◆ What to work on:
From the entries below, work out how many lines contain the string "inverse"; answer with the number alone.

Data shown START

(* Let $\ell>0$ and $\Omega_\ell=(0,\pi)\times(-\ell,\ell)$. Consider the eigenvalue problem \[ \begin{cases} \Delta^2 u=-\lambda \Delta u, & \text{in }\Omega_\ell,\\ u=0, & \text{on }\partial\Omega_\ell,\\ u_y=0, & \text{on }(0,\pi)\times\{-\ell,\ell\},\\ u_{xx}=0, & \text{on }\{0,\pi\}\times(-\ell,\ell). \end{cases} \] Then for every $k,m\in\mathbb N^*=\{1,2,\dots\}$ there exists a unique $\gamma_{k,m}\in\left(\frac{k\pi}{2\ell},\frac{(k+1)\pi}{2\ell}\right)$ satisfying $\gamma\tan(\gamma\ell)=-m\tanh(m\ell)$ if $k$ is odd, and $\frac{\tan(\gamma\ell)}{\gamma}=\frac{\tanh(m\ell)}{m}$ if $k$ is even. Setting $\lambda_{k,m}=m^2+\gamma_{k,m}^2$, the problem above admits the eigenfunction \[ u_{k,m}(x,y)=h_{k,m}(y)\sin(mx) \] with eigenvalue $\lambda_{k,m}$, where $h_{k,m}$ is a nontrivial solution of \[ \begin{cases} h^{(iv)}(y)+(\lambda-2m^2)h''(y)+m^2(m^2-\lambda)h(y)=0, & y\in(-\ell,\ell),\\ h(-\ell)=h(\ell)=0,\\ h'(-\ell)=h'(\ell)=0, \end{cases} \] with $\lambda=\lambda_{k,m}$; explicitly, with $\gamma=\gamma_{k,m}$, $h_{k,m}(y)=\cosh(my)-\frac{\cosh(m\ell)}{\cos(\gamma\ell)}\cos(\gamma y)$ if $k$ is odd and $h_{k,m}(y)=\sinh(my)-\frac{\sinh(m\ell)}{\sin(\gamma\ell)}\sin(\gamma y)$ if $k$ is even. Moreover: (a) if $k$ is odd then $h_{k,m}$ is even, and if $k$ is even then $h_{k,m}$ is odd; (b) if $k=1$ then $h_{1,m}$ is strictly positive on $(-\ell,\ell)$.
   Context: $\Delta$ denotes the Laplacian in $\mathbb R^2$ with coordinates $(x,y)$; subscripts denote partial derivatives. *)

theory Defs
  imports "HOL-Analysis.Analysis"
begin

definition dx :: "(real \<Rightarrow> real \<Rightarrow> real) \<Rightarrow> real \<Rightarrow> real \<Rightarrow> real" where
  "dx u = (\<lambda>x y. deriv (\<lambda>t. u t y) x)"

definition dy :: "(real \<Rightarrow> real \<Rightarrow> real) \<Rightarrow> real \<Rightarrow> real \<Rightarrow> real" where
  "dy u = (\<lambda>x y. deriv (\<lambda>t. u x t) y)"

definition lap :: "(real \<Rightarrow> real \<Rightarrow> real) \<Rightarrow> real \<Rightarrow> real \<Rightarrow> real" where
  "lap u = (\<lambda>x y. dx (dx u) x y + dy (dy u) x y)"

definition Omega :: "real \<Rightarrow> (real \<times> real) set" where
  "Omega l = {0<..<pi} \<times> {-l<..<l}"

definition is_eigenpair :: "real \<Rightarrow> real \<Rightarrow> (real \<Rightarrow> real \<Rightarrow> real) \<Rightarrow> bool" where
  "is_eigenpair l lam u \<longleftrightarrow>
     (\<forall>x y. (x, y) \<in> Omega l \<longrightarrow> lap (lap u) x y = - lam * lap u x y) \<and>
     (\<forall>x y. (x, y) \<in> frontier (Omega l) \<longrightarrow> u x y = 0) \<and>
     (\<forall>x \<in> {0<..<pi}. dy u x (-l) = 0 \<and> dy u x l = 0) \<and>
     (\<forall>y \<in> {-l<..<l}. dx (dx u) 0 y = 0 \<and> dx (dx u) pi y = 0) \<and>
     (\<exists>x y. (x, y) \<in> Omega l \<and> u x y \<noteq> 0)"

definition gamma_eq :: "nat \<Rightarrow> nat \<Rightarrow> real \<Rightarrow> real \<Rightarrow> bool" where
  "gamma_eq k m l \<gamma> \<longleftrightarrow>
     (if odd k then \<gamma> * tan (\<gamma> * l) = - real m * tanh (real m * l)
      else tan (\<gamma> * l) / \<gamma> = tanh (real m * l) / real m)"

definition hkm :: "nat \<Rightarrow> nat \<Rightarrow> real \<Rightarrow> real \<Rightarrow> real \<Rightarrow> real" where
  "hkm k m l \<gamma> y =
     (if odd k then cosh (real m * y) - cosh (real m * l) / cos (\<gamma> * l) * cos (\<gamma> * y)
      else sinh (real m * y) - sinh (real m * l) / sin (\<gamma> * l) * sin (\<gamma> * y))"

definition ode_solution :: "real \<Rightarrow> nat \<Rightarrow> real \<Rightarrow> (real \<Rightarrow> real) \<Rightarrow> bool" where
  "ode_solution l m lam h \<longleftrightarrow>
     (\<forall>n y. (deriv ^^ n) h differentiable (at y)) \<and>
     (\<forall>y \<in> {-l<..<l}. (deriv ^^ 4) h y + (lam - 2 * (real m)\<^sup>2) * (deriv ^^ 2) h y
                        + (real m)\<^sup>2 * ((real m)\<^sup>2 - lam) * h y = 0) \<and>
     h (-l) = 0 \<and> h l = 0 \<and> deriv h (-l) = 0 \<and> deriv h l = 0 \<and>
     (\<exists>y \<in> {-l<..<l}. h y \<noteq> 0)"

end

theory Submission
  imports Defs
begin

text \<open>Separating variables, \<open>u = h(y) sin(m x)\<close> solves the plate problem once \<open>h\<close> solves the
  fourth-order ODE, whose characteristic roots \<open>\<plusminus>m, \<plusminus>i\<gamma>\<close> (with \<open>\<lambda> = m\<^sup>2 + \<gamma>\<^sup>2\<close>) make \<open>h\<close> a
  combination of \<open>cosh, sinh, cos, sin\<close>. For the even (odd) profile the clamped conditions at
  \<open>\<plusminus>l\<close> reduce exactly to the transcendental equation for \<open>\<gamma>\<close>. On every interval
  \<open>(k\<pi>/2, (k+1)\<pi>/2)\<close> the functions \<open>t tan t\<close> and \<open>tan t / t\<close> are strictly increasing (their
  derivatives are \<open>(t \<plusminus> sin t cos t) / cos\<^sup>2 t\<close> with \<open>t > 1\<close>), and after clearing the
  denominator the equation changes sign across the interval, so it has exactly one root there.
  For \<open>k = 1\<close> the profile is positive: trivially where \<open>cos (\<gamma> y) \<ge> 0\<close>, and beyond
  \<open>\<gamma> y = \<pi>/2\<close> it is strictly convex with a double zero at \<open>l\<close>.\<close>

definition hyp_trig :: "real \<Rightarrow> real \<Rightarrow> real \<Rightarrow> real \<Rightarrow> real \<Rightarrow> real \<Rightarrow> real \<Rightarrow> real" where
  "hyp_trig m g a b c d y = a * cosh (m * y) + b * sinh (m * y) + c * cos (g * y) + d * sin (g * y)"

lemma has_real_derivative_hyp_trig:
  "(hyp_trig m g a b c d has_real_derivative hyp_trig m g (m * b) (m * a) (g * d) (- g * c) y) (at y)"
  unfolding hyp_trig_def [abs_def]
  by (rule derivative_eq_intros refl | simp)+

lemma deriv_hyp_trig: "deriv (hyp_trig m g a b c d) = hyp_trig m g (m * b) (m * a) (g * d) (- g * c)"
  using has_real_derivative_hyp_trig DERIV_imp_deriv by blast

lemma higher_deriv_hyp_trig: "\<exists>a' b' c' d'. (deriv ^^ n) (hyp_trig m g a b c d) = hyp_trig m g a' b' c' d'"
  by (induction n) (force simp: deriv_hyp_trig)+

lemma higher_deriv_hyp_trig_differentiable: "(deriv ^^ n) (hyp_trig m g a b c d) differentiable (at y)"
  using higher_deriv_hyp_trig has_real_derivative_hyp_trig real_differentiable_def by metis

lemma deriv2_hyp_trig:
  "(deriv ^^ 2) (hyp_trig m g a b c d) = hyp_trig m g (m\<^sup>2 * a) (m\<^sup>2 * b) (- g\<^sup>2 * c) (- g\<^sup>2 * d)"
  by (simp add: numeral_2_eq_2 deriv_hyp_trig power2_eq_square algebra_simps)

lemma deriv4_hyp_trig:
  "(deriv ^^ 4) (hyp_trig m g a b c d) = hyp_trig m g (m ^ 4 * a) (m ^ 4 * b) (g ^ 4 * c) (g ^ 4 * d)"
  by (simp add: numeral_eq_Suc deriv_hyp_trig power_def algebra_simps)

lemma ode_solution_hyp_trig:
  assumes "h = hyp_trig (real m) g a b c d"
    and "h (- l) = 0" "h l = 0" "deriv h (- l) = 0" "deriv h l = 0"
    and "y\<^sub>0 \<in> {- l<..<l}" "h y\<^sub>0 \<noteq> 0"
  shows "ode_solution l m ((real m)\<^sup>2 + g\<^sup>2) h"
  unfolding ode_solution_def
  using assms higher_deriv_hyp_trig_differentiable
  by (auto simp: deriv2_hyp_trig deriv4_hyp_trig hyp_trig_def algebra_simps power2_eq_square power4_eq_xxxx)

lemma dx_mult_sin: "dx (\<lambda>x y. F y * sin (M * x)) = (\<lambda>x y. F y * M * cos (M * x))"
  unfolding dx_def
  by (intro ext DERIV_imp_deriv) (rule derivative_eq_intros refl | simp)+

lemma dx_mult_cos: "dx (\<lambda>x y. F y * M * cos (M * x)) = (\<lambda>x y. - (M\<^sup>2) * F y * sin (M * x))"
  unfolding dx_def
  by (intro ext DERIV_imp_deriv) ((rule derivative_eq_intros refl | simp)+, simp add: power2_eq_square)

lemma dy_hyp_trig_mult:
  "dy (\<lambda>x y. hyp_trig m g a b c d y * S x) = (\<lambda>x y. deriv (hyp_trig m g a b c d) y * S x)"
  unfolding dy_def deriv_hyp_trig
  by (intro ext DERIV_imp_deriv) (rule derivative_eq_intros has_real_derivative_hyp_trig refl | simp)+

lemma lap_hyp_trig_sin:
  "lap (\<lambda>x y. hyp_trig m g a b c d y * sin (M * x)) =
   (\<lambda>x y. hyp_trig m g ((m\<^sup>2 - M\<^sup>2) * a) ((m\<^sup>2 - M\<^sup>2) * b) ((- g\<^sup>2 - M\<^sup>2) * c) ((- g\<^sup>2 - M\<^sup>2) * d) y * sin (M * x))"
  unfolding lap_def dx_mult_sin dx_mult_cos dy_hyp_trig_mult deriv_hyp_trig
  by (intro ext) (simp add: hyp_trig_def power2_eq_square algebra_simps)

lemma frontier_Omega:
  assumes "l > 0"
  shows "frontier (Omega l) = {0..pi} \<times> {- l..l} - Omega l"
proof -
  have "open (Omega l)"
    unfolding Omega_def by (intro open_Times open_greaterThanLessThan)
  then show ?thesis
    unfolding frontier_def interior_open[OF \<open>open (Omega l)\<close>]
    unfolding Omega_def closure_Times using assms by simp
qed

lemma is_eigenpair_hyp_trig_sin:
  assumes "l > 0" "m \<ge> 1" and h: "h = hyp_trig (real m) g a b c d"
    and bc: "h (- l) = 0" "h l = 0" "deriv h (- l) = 0" "deriv h l = 0"
    and y\<^sub>0: "y\<^sub>0 \<in> {- l<..<l}" "h y\<^sub>0 \<noteq> 0"
  shows "is_eigenpair l ((real m)\<^sup>2 + g\<^sup>2) (\<lambda>x y. h y * sin (real m * x))"
proof -
  let ?u = "\<lambda>x y. h y * sin (real m * x)"
  have sin_m_pi: "sin (real m * pi) = 0"
    by (simp add: mult.commute[of "real m"])
  have "sin (real m * (pi / (2 * real m))) = 1" "pi / (2 * real m) \<in> {0<..<pi}"
    using \<open>m \<ge> 1\<close> by (auto simp: field_simps)
  then have "\<exists>x y. (x, y) \<in> Omega l \<and> ?u x y \<noteq> 0"
    using y\<^sub>0 unfolding Omega_def by force
  moreover have "?u x y = 0" if "(x, y) \<in> frontier (Omega l)" for x y
  proof -
    have "(x, y) \<in> {0..pi} \<times> {- l..l} - Omega l"
      using that frontier_Omega[OF \<open>l > 0\<close>] by simp
    then show ?thesis
      using bc sin_m_pi unfolding Omega_def by auto
  qed
  moreover have "lap (lap ?u) x y = - ((real m)\<^sup>2 + g\<^sup>2) * lap ?u x y" for x y
    unfolding h lap_hyp_trig_sin by (simp add: hyp_trig_def algebra_simps power2_eq_square)
  moreover have "dy ?u x y = deriv h y * sin (real m * x)" for x y
    unfolding h dy_hyp_trig_mult ..
  moreover have "dx (dx ?u) x y = - ((real m)\<^sup>2) * h y * sin (real m * x)" for x y
    unfolding dx_mult_sin dx_mult_cos ..
  ultimately show ?thesis
    unfolding is_eigenpair_def using bc sin_m_pi by auto
qed

lemma cos_sin_nonzero_between_half_pi_multiples:
  fixes t :: real and k :: nat
  assumes "real k * pi / 2 < t" "t < (real k + 1) * pi / 2"
  shows "cos t \<noteq> 0" "sin t \<noteq> 0"
proof -
  have "sin (2 * t) \<noteq> 0"
  proof
    assume "sin (2 * t) = 0"
    then obtain i :: int where "2 * t = of_int i * pi"
      using sin_zero_iff_int2 by blast
    with assms have "real k * pi < of_int i * pi" "of_int i * pi < (real k + 1) * pi"
      by linarith+
    then have "of_int (int k) < (of_int i :: real)" "of_int i < (of_int (int k + 1) :: real)"
      by (simp_all add: mult_less_cancel_right_pos)
    then show False
      unfolding of_int_less_iff by linarith
  qed
  then show "cos t \<noteq> 0" "sin t \<noteq> 0"
    by (auto simp: sin_double)
qed

lemma one_less_above_half_pi_multiple:
  fixes t :: real and k :: nat
  assumes "k \<ge> 1" "real k * pi / 2 < t"
  shows "1 < t"
proof -
  have "pi / 2 \<le> real k * pi / 2"
    using assms(1) by (simp add: field_simps)
  with assms(2) pi_gt3 show ?thesis
    by linarith
qed

lemma has_real_derivative_mult_tan:
  assumes "cos t \<noteq> 0"
  shows "((\<lambda>t. t * tan t) has_real_derivative (sin t * cos t + t) / (cos t)\<^sup>2) (at t)"
proof (rule DERIV_cong[OF DERIV_mult[OF DERIV_ident DERIV_tan[OF assms]]])
  show "1 * tan t + inverse ((cos t)\<^sup>2) * t = (sin t * cos t + t) / (cos t)\<^sup>2"
    using assms by (simp add: tan_def field_simps power2_eq_square)
qed

lemma has_real_derivative_tan_divide:
  assumes "cos t \<noteq> 0" "t \<noteq> 0"
  shows "((\<lambda>t. tan t / t) has_real_derivative (t - sin t * cos t) / (t\<^sup>2 * (cos t)\<^sup>2)) (at t)"
proof (rule DERIV_cong[OF DERIV_divide[OF DERIV_tan[OF assms(1)] DERIV_ident assms(2)]])
  show "(inverse ((cos t)\<^sup>2) * t - tan t * 1) / (t * t) = (t - sin t * cos t) / (t\<^sup>2 * (cos t)\<^sup>2)"
    using assms by (simp add: tan_def field_simps power2_eq_square)
qed

lemma strict_mono_on_greaterThanLessThan_if_deriv_pos:
  fixes f :: "real \<Rightarrow> real"
  assumes "\<And>t. a < t \<Longrightarrow> t < b \<Longrightarrow> (f has_real_derivative f' t) (at t) \<and> f' t > 0"
  shows "strict_mono_on {a<..<b} f"
proof (rule strict_mono_onI)
  fix r s assume rs: "r \<in> {a<..<b}" "s \<in> {a<..<b}" "r < s"
  show "f r < f s"
  proof (rule DERIV_pos_imp_increasing[OF \<open>r < s\<close>])
    fix t assume "r \<le> t" "t \<le> s"
    with rs have "a < t" "t < b"
      by auto
    with assms show "\<exists>y. (f has_real_derivative y) (at t) \<and> y > 0"
      by blast
  qed
qed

Data shown END

◆ Written answer:
2